A Brescia “siamo custodi di molte testimonianze e luoghi eminenti legate alla sua vita”, sottolinea don Bianchi: tra questi, nella scelta della data del 29 maggio, si “distinguerà la nostra Cattedrale dove Montini divenne prete, dove tutti i preti della nostra diocesi sono stati consacrati sacerdoti”. Una scelta che è anche “un richiamo e che c’impegna come comunità cristiana nella preghiera e nella promozione in particolare delle vocazioni al presbiterato”.

Indubbiamente “abbiamo bisogno anche oggi di preti bresciani “santi come san Paolo VI”. E in questa settimana tanti gli eventi previsti nella diocesi lombarda che vogliono ricordare la figura di questo santo bresciano che prima di essere papa ha guidato la diocesi di Milano e ha voluto fortemente la nascita del quotidiano cattolico “Avvenire”.

A Quinzano d’Oglio in occasione della festa dei santi Faustino e Giovita patroni della città di Brescia e della diocesi oltre che di tanti centri del bresciano come Quinzano, dove è previsto un triduo di preparazione che ruoterà attorno alla figura di “Paolo VI, un maestro e un testimone”.

Tra le presenze quella del card. Ernesto Simoni e del vescovo emerito di Palestrina, mons. Domenico Sigalini. Sempre in diocesi di Brescia nei giorni scorsi, a Leno, L’oratorio ha reso omaggio a San Paolo VI con un busto collocato di fronte al parco intitolato al Papa bresciano. E oggi, sabato 9 febbraio, al Centro pastorale “Paolo VI” di Brescia la presentazione della storia di Amanda, la bambina che per intercessione di San Paolo VI ha ricevuto un miracolo.

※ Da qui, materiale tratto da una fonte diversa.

(* Let $\Lambda\subset\mathbb{R}^d$ be a full-rank lattice, let $\Delta\in\mathbb{R}^d$, and let $P_\Delta=(\Lambda+\Delta)\cap[0,1)^d$. If $|P_\Delta|\ge 2$, then \[ \rho(P_{\Delta})\le \begin{cases} 2\sqrt{d}\, \rho(\Lambda) & \text{if } h(\Lambda)\ge 1/2,\\ (1+\sqrt{d})\,\rho(\Lambda) & \text{otherwise.}\end{cases} \]
   Context: For a finite point set $P\subset[0,1]^d$ with at least two points: covering radius $h(P)=\sup_{x\in[0,1]^d}\min_{y\in P}\|x-y\|_2$, separation radius $q(P)=\frac12\min_{x,y\in P,\,x\ne y}\|x-y\|_2$, mesh ratio $\rho(P)=h(P)/q(P)$. For a full-rank lattice $\Lambda\subset\mathbb{R}^d$: $h(\Lambda)=\sup_{x\in\mathbb{R}^d}\min_{y\in\Lambda}\|x-y\|_2$, $q(\Lambda)=\frac12\min_{x\in\Lambda\setminus\{0\}}\|x\|_2$, $\rho(\Lambda)=h(\Lambda)/q(\Lambda)$. *)

theory Defs
  imports "HOL-Analysis.Analysis"
begin

definition lattice_gen :: "'a::euclidean_space set \<Rightarrow> 'a set" where
  "lattice_gen B = {(\<Sum>b\<in>B. of_int (c b) *\<^sub>R b) | c. True}"

definition full_rank_lattice :: "'a::euclidean_space set \<Rightarrow> bool" where
  "full_rank_lattice L \<longleftrightarrow>
     (\<exists>B. independent B \<and> card B = DIM('a) \<and> L = lattice_gen B)"

definition unit_cube_ho :: "'a::euclidean_space set" where
  "unit_cube_ho = {x. \<forall>i\<in>Basis. 0 \<le> x \<bullet> i \<and> x \<bullet> i < 1}"

text \<open>Point set quantities (P finite, at least two points); covering over [0,1]^d.\<close>
definition cov_rad_set :: "'a::euclidean_space set \<Rightarrow> real" where
  "cov_rad_set P = (SUP x\<in>cbox 0 One. INF y\<in>P. dist x y)"

definition sep_rad_set :: "'a::euclidean_space set \<Rightarrow> real" where
  "sep_rad_set P = Min {dist x y | x y. x \<in> P \<and> y \<in> P \<and> x \<noteq> y} / 2"

definition mesh_ratio_set :: "'a::euclidean_space set \<Rightarrow> real" where
  "mesh_ratio_set P = cov_rad_set P / sep_rad_set P"

definition cov_rad_lat :: "'a::euclidean_space set \<Rightarrow> real" where
  "cov_rad_lat L = (SUP x\<in>UNIV. INF y\<in>L. dist x y)"

definition sep_rad_lat :: "'a::euclidean_space set \<Rightarrow> real" where
  "sep_rad_lat L = Inf (norm ` (L - {0})) / 2"

definition mesh_ratio_lat :: "'a::euclidean_space set \<Rightarrow> real" where
  "mesh_ratio_lat L = cov_rad_lat L / sep_rad_lat L"

end

theory Submission
  imports Defs
begin

text \<open>
  Distinct points of \<open>P\<^sub>\<Delta>\<close> differ by a nonzero lattice vector, so the separation radius can
  only grow: \<open>q(P\<^sub>\<Delta>) \<ge> q(\<Lambda>) > 0\<close>. For the covering radius, if \<open>h(\<Lambda>) \<ge> 1/2\<close> any single point
  of \<open>P\<^sub>\<Delta>\<close> is within the cube diameter \<open>\<surd>d \<le> 2\<surd>d h(\<Lambda>)\<close> of every \<open>x \<in> [0,1]\<^sup>d\<close>. Otherwise, for
  \<open>h(\<Lambda>) < w \<le> 1/2\<close> pull \<open>x\<close> towards the centre of the cube to a point \<open>x'\<close> with
  \<open>|x - x'| \<le> \<surd>d w\<close> whose \<open>w\<close>-ball lies in \<open>[0,1)\<^sup>d\<close>; a shifted lattice point within \<open>w\<close> of \<open>x'\<close>
  lies in \<open>P\<^sub>\<Delta>\<close> and is within \<open>(1 + \<surd>d) w\<close> of \<open>x\<close>.
\<close>

lemma lattice_genI: "v = (\<Sum>b\<in>B. of_int (c b) *\<^sub>R b) \<Longrightarrow> v \<in> lattice_gen B"
  unfolding lattice_gen_def by blast

lemma zero_in_lattice_gen: "0 \<in> lattice_gen B"
  by (rule lattice_genI[where c = "\<lambda>_. 0"]) simp

lemma basis_in_lattice_gen:
  assumes "finite B" "b \<in> B"
  shows "b \<in> lattice_gen B"
proof (rule lattice_genI[where c = "\<lambda>x. if x = b then 1 else 0"])
  have "(\<Sum>x\<in>B. of_int (if x = b then 1 else 0 :: int) *\<^sub>R x) = (\<Sum>x\<in>B. if x = b then x else 0)"
    by (intro sum.cong) auto
  then show "b = (\<Sum>x\<in>B. of_int (if x = b then 1 else 0) *\<^sub>R x)"
    using assms by simp
qed

lemma lattice_gen_diff:
  assumes "u \<in> lattice_gen B" "v \<in> lattice_gen B"
  shows "u - v \<in> lattice_gen B"
proof -
  obtain c where u: "u = (\<Sum>b\<in>B. of_int (c b) *\<^sub>R b)"
    using assms(1) unfolding lattice_gen_def by blast
  obtain c' where v: "v = (\<Sum>b\<in>B. of_int (c' b) *\<^sub>R b)"
    using assms(2) unfolding lattice_gen_def by blast
  show ?thesis
    by (rule lattice_genI[where c = "\<lambda>b. c b - c' b"])
       (simp add: u v sum_subtractf[symmetric] scaleR_diff_left)
qed

lemma full_rank_latticeE:
  fixes L :: "'a::euclidean_space set"
  assumes "full_rank_lattice L"
  obtains B where "independent B" "finite B" "span B = UNIV" "B \<noteq> {}" "L = lattice_gen B"
proof -
  obtain B where B: "independent B" "card B = DIM('a)" "L = lattice_gen B"
    using assms unfolding full_rank_lattice_def by blast
  then have "finite B" "B \<noteq> {}"
    using DIM_positive[where 'a = 'a] by (auto intro: card_ge_0_finite)
  moreover have "dim B = DIM('a)"
    using B by (simp add: dim_eq_card_independent)
  then have "span B = UNIV"
    by (simp add: dim_eq_full)
  ultimately show ?thesis
    using that B by blast
qed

Venerabile dal 20 dicembre 2012 dopo che papa Benedetto XVI ne aveva riconosciuto le virtù eroiche, Paolo VI il “ha speso la vita per il Vangelo di Cristo, valicando – ha detto papa Francesco nell’omelia di canonizzazione -  nuovi confini e facendosi suo testimone nell’annuncio e nel dialogo, profeta di una Chiesa estroversa che guarda ai lontani e si prende cura dei poveri”. Anche
“nella fatica e in mezzo alle incomprensioni”, paolo VI  ha “testimoniato in modo appassionato la bellezza e la gioia di seguire Gesù totalmente”.